(Items from a dataset)

text \<open>Monotonicity makes \<open>F + \<alpha> I\<close> strongly monotone with constant \<open>\<alpha>\<close>; this alone gives
\<open>\<parallel>xa - xdag\<parallel> \<le> \<parallel>xdag - xbar\<parallel>\<close> and the data-error term \<open>\<delta> / \<alpha>\<close>. For the bias write
\<open>e = xa - xdag\<close> and \<open>A = F' xdag\<close>, so that \<open>(A + \<alpha> I) e = -\<alpha> (xdag - xbar) - (F xa - F xdag - A e)\<close>.
Since \<open>A\<close> is monotone, \<open>A + \<alpha> I\<close> is boundedly invertible (a contraction argument gives
surjectivity) and \<open>(A + \<alpha> I)\<^sup>-\<^sup>1 A\<close> is a contraction. Together with the tangential cone condition
along the segment from \<open>xdag\<close> to \<open>xa\<close>, this bounds the transformed Taylor remainder by
\<open>k\<^sub>0 \<parallel>e\<parallel>\<^sup>2 / 2 \<le> (k\<^sub>0 \<parallel>xdag - xbar\<parallel> / 2) \<parallel>e\<parallel>\<close>, which is absorbed into the left-hand side.\<close>

lemma monotone_op_plus_scaleR_lower_bound:
  fixes F :: "'a::real_inner \<Rightarrow> 'a"
  assumes "monotone_op F" "\<alpha> \<ge> 0"
  shows "\<alpha> * norm (u - v) \<le> norm ((F u + \<alpha> *\<^sub>R u) - (F v + \<alpha> *\<^sub>R v))"
proof -
  let ?d = "u - v" and ?b = "(F u + \<alpha> *\<^sub>R u) - (F v + \<alpha> *\<^sub>R v)"
  have "0 \<le> inner (F u - F v) ?d"
    using assms(1) unfolding monotone_op_def by blast
  then have "\<alpha> * (norm ?d)\<^sup>2 \<le> inner ?b ?d"
    by (simp add: inner_diff_left inner_add_left power2_norm_eq_inner algebra_simps)
  also have "\<dots> \<le> norm ?b * norm ?d"
    by (rule norm_cauchy_schwarz)
  finally have "\<alpha> * norm ?d * norm ?d \<le> norm ?b * norm ?d"
    by (simp add: power2_eq_square mult.assoc)
  then show ?thesis
    by (cases "norm ?d = 0") (auto simp: assms(2))
qed

lemma monotone_op_blinfun:
  fixes A :: "'a::real_inner \<Rightarrow>\<^sub>L 'a"
  assumes "\<And>v. 0 \<le> inner (A v) v"
  shows "monotone_op (blinfun_apply A)"
  using assms unfolding monotone_op_def by (metis blinfun.diff_right)

lemma blinfun_plus_scaleR_lower_bound:
  fixes A :: "'a::real_inner \<Rightarrow>\<^sub>L 'a"
  assumes "\<And>v. 0 \<le> inner (A v) v" "\<alpha> \<ge> 0"
  shows "\<alpha> * norm u \<le> norm (A u + \<alpha> *\<^sub>R u)"
  using monotone_op_plus_scaleR_lower_bound[OF monotone_op_blinfun[OF assms(1)] assms(2), of u 0]
  by simp

lemma norm_diff_scaleR_squared:
  fixes d b :: "'a::real_inner"
  shows "(norm (d - t *\<^sub>R b))\<^sup>2 = (norm d)\<^sup>2 - 2 * t * inner b d + t\<^sup>2 * (norm b)\<^sup>2"
  unfolding power2_norm_eq_inner
  by (simp add: inner_diff_left inner_diff_right inner_commute algebra_simps power2_eq_square)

Directions:
Each line from the top of the entries above through the line containing "norm u \<le>" must be transcribed exactly, and no other line may appear.

Result for this exercise:
text \<open>Monotonicity makes \<open>F + \<alpha> I\<close> strongly monotone with constant \<open>\<alpha>\<close>; this alone gives
\<open>\<parallel>xa - xdag\<parallel> \<le> \<parallel>xdag - xbar\<parallel>\<close> and the data-error term \<open>\<delta> / \<alpha>\<close>. For the bias write
\<open>e = xa - xdag\<close> and \<open>A = F' xdag\<close>, so that \<open>(A + \<alpha> I) e = -\<alpha> (xdag - xbar) - (F xa - F xdag - A e)\<close>.
Since \<open>A\<close> is monotone, \<open>A + \<alpha> I\<close> is boundedly invertible (a contraction argument gives
surjectivity) and \<open>(A + \<alpha> I)\<^sup>-\<^sup>1 A\<close> is a contraction. Together with the tangential cone condition
along the segment from \<open>xdag\<close> to \<open>xa\<close>, this bounds the transformed Taylor remainder by
\<open>k\<^sub>0 \<parallel>e\<parallel>\<^sup>2 / 2 \<le> (k\<^sub>0 \<parallel>xdag - xbar\<parallel> / 2) \<parallel>e\<parallel>\<close>, which is absorbed into the left-hand side.\<close>

lemma monotone_op_plus_scaleR_lower_bound:
  fixes F :: "'a::real_inner \<Rightarrow> 'a"
  assumes "monotone_op F" "\<alpha> \<ge> 0"
  shows "\<alpha> * norm (u - v) \<le> norm ((F u + \<alpha> *\<^sub>R u) - (F v + \<alpha> *\<^sub>R v))"
proof -
  let ?d = "u - v" and ?b = "(F u + \<alpha> *\<^sub>R u) - (F v + \<alpha> *\<^sub>R v)"
  have "0 \<le> inner (F u - F v) ?d"
    using assms(1) unfolding monotone_op_def by blast
  then have "\<alpha> * (norm ?d)\<^sup>2 \<le> inner ?b ?d"
    by (simp add: inner_diff_left inner_add_left power2_norm_eq_inner algebra_simps)
  also have "\<dots> \<le> norm ?b * norm ?d"
    by (rule norm_cauchy_schwarz)
  finally have "\<alpha> * norm ?d * norm ?d \<le> norm ?b * norm ?d"
    by (simp add: power2_eq_square mult.assoc)
  then show ?thesis
    by (cases "norm ?d = 0") (auto simp: assms(2))
qed

lemma monotone_op_blinfun:
  fixes A :: "'a::real_inner \<Rightarrow>\<^sub>L 'a"
  assumes "\<And>v. 0 \<le> inner (A v) v"
  shows "monotone_op (blinfun_apply A)"
  using assms unfolding monotone_op_def by (metis blinfun.diff_right)

lemma blinfun_plus_scaleR_lower_bound:
  fixes A :: "'a::real_inner \<Rightarrow>\<^sub>L 'a"
  assumes "\<And>v. 0 \<le> inner (A v) v" "\<alpha> \<ge> 0"
  shows "\<alpha> * norm u \<le> norm (A u + \<alpha> *\<^sub>R u)"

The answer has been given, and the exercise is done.